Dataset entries

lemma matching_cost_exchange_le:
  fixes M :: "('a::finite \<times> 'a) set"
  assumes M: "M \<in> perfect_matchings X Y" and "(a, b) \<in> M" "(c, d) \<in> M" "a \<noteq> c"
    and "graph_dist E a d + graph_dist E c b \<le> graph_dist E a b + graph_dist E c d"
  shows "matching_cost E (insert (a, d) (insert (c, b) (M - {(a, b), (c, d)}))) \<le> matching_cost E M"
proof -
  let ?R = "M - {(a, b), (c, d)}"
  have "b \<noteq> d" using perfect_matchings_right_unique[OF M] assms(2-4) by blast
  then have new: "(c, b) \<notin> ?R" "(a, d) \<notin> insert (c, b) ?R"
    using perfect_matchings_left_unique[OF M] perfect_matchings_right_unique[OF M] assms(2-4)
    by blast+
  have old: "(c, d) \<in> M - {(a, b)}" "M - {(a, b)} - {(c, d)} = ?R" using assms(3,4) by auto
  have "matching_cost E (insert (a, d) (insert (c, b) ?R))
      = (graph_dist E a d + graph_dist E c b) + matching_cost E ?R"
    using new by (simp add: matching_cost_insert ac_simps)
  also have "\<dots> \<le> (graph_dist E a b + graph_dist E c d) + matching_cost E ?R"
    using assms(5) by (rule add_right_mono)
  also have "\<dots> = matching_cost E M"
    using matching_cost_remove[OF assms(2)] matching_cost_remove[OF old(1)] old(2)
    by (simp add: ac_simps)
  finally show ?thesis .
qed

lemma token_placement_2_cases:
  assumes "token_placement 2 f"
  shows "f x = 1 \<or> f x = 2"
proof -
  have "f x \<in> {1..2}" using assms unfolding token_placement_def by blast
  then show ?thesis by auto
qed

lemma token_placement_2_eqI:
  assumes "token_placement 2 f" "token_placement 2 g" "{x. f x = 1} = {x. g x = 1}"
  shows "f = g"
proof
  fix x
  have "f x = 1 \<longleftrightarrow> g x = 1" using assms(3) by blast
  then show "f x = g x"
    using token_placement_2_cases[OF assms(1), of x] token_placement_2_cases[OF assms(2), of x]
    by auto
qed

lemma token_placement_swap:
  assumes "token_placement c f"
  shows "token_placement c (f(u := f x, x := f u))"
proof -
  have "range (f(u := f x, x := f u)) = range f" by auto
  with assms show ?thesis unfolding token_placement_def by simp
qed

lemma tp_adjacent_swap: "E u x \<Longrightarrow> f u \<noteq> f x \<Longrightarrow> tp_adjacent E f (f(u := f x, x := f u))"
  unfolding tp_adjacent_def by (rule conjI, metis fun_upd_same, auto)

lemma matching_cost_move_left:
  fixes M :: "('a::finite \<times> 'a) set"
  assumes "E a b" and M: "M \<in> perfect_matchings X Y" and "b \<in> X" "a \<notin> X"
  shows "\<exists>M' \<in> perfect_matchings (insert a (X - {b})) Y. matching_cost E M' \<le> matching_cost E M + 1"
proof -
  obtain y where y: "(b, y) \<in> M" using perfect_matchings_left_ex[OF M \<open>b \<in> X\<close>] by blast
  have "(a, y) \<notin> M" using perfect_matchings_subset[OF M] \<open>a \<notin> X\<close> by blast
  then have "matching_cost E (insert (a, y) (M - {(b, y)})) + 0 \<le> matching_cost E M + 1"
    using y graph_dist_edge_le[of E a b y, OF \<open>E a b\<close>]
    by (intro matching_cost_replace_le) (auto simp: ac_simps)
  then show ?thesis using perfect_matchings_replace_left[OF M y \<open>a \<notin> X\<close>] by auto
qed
---
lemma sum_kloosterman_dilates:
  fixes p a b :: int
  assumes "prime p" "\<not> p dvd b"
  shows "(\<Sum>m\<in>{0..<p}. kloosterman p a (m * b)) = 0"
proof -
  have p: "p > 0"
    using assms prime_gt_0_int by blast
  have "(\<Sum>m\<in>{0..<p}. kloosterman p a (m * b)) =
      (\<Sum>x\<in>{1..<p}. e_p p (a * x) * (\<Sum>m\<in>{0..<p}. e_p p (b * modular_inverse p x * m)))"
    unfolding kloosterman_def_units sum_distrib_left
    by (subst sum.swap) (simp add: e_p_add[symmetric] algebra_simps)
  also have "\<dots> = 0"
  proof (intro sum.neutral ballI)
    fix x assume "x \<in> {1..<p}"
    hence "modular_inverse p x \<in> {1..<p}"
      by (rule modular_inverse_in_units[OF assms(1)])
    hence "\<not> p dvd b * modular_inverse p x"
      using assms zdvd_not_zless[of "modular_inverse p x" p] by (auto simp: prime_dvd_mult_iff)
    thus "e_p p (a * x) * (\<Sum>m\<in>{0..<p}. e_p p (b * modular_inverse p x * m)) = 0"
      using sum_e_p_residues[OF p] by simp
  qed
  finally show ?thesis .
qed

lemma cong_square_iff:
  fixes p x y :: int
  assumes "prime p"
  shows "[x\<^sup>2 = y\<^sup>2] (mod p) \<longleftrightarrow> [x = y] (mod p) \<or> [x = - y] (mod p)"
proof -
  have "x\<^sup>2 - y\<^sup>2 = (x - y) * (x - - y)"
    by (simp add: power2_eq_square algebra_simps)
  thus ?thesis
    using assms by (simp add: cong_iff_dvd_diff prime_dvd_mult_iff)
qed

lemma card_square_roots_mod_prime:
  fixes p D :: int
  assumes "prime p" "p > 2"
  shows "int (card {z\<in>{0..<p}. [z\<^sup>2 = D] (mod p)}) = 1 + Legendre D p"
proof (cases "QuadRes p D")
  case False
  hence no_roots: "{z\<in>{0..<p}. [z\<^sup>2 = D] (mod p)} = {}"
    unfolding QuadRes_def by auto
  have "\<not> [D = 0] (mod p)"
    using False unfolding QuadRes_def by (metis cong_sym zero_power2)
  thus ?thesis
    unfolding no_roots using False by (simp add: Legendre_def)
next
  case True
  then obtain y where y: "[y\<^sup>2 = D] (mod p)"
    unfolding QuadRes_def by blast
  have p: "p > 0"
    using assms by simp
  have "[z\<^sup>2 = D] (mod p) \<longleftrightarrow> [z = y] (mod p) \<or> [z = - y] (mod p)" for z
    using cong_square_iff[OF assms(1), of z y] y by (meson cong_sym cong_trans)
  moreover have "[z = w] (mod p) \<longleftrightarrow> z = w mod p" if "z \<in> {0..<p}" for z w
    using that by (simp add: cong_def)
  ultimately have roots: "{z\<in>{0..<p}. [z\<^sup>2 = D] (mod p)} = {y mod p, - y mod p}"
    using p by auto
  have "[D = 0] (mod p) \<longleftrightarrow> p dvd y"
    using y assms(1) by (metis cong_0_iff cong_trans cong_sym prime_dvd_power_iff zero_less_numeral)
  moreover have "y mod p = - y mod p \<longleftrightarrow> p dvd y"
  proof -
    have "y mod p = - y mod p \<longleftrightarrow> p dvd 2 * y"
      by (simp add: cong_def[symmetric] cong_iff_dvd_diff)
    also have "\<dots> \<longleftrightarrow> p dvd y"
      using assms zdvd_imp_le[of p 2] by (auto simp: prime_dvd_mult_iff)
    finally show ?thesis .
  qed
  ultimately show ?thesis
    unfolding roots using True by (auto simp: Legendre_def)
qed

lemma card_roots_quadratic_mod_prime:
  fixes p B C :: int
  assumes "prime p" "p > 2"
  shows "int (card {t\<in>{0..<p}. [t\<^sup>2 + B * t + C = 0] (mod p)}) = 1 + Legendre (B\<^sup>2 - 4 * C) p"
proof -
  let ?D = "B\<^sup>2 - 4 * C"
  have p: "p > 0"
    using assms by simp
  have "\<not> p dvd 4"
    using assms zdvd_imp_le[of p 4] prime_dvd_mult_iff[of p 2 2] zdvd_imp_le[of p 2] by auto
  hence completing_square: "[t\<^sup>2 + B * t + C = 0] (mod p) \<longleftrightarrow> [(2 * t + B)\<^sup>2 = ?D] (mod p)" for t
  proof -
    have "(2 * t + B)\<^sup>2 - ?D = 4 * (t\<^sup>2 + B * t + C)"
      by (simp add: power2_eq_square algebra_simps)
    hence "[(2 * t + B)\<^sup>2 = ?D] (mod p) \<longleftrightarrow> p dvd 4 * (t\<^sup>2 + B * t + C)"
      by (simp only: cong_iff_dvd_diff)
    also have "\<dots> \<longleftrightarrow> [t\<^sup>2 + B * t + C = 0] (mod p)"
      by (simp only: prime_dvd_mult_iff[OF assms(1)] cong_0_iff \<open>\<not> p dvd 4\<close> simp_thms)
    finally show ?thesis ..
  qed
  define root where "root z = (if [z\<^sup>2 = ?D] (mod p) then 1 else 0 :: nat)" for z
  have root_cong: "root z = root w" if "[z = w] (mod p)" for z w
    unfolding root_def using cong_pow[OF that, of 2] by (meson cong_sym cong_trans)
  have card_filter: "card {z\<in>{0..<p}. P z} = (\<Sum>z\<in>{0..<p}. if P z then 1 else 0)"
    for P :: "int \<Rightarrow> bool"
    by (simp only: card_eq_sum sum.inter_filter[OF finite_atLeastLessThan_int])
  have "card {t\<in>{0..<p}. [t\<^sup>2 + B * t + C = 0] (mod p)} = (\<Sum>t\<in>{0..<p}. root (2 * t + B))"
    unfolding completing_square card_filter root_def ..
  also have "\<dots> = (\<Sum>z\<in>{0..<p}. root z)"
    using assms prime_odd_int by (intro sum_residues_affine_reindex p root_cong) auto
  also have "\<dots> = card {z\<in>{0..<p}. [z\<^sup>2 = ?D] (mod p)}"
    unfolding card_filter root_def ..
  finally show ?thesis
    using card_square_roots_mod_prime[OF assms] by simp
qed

BRIEF -
Report back each line of the entries that holds the string "symmetric".

RESULT FOR THIS TASK -
    by (subst sum.swap) (simp add: e_p_add[symmetric] algebra_simps)
      by (simp add: cong_def[symmetric] cong_iff_dvd_diff)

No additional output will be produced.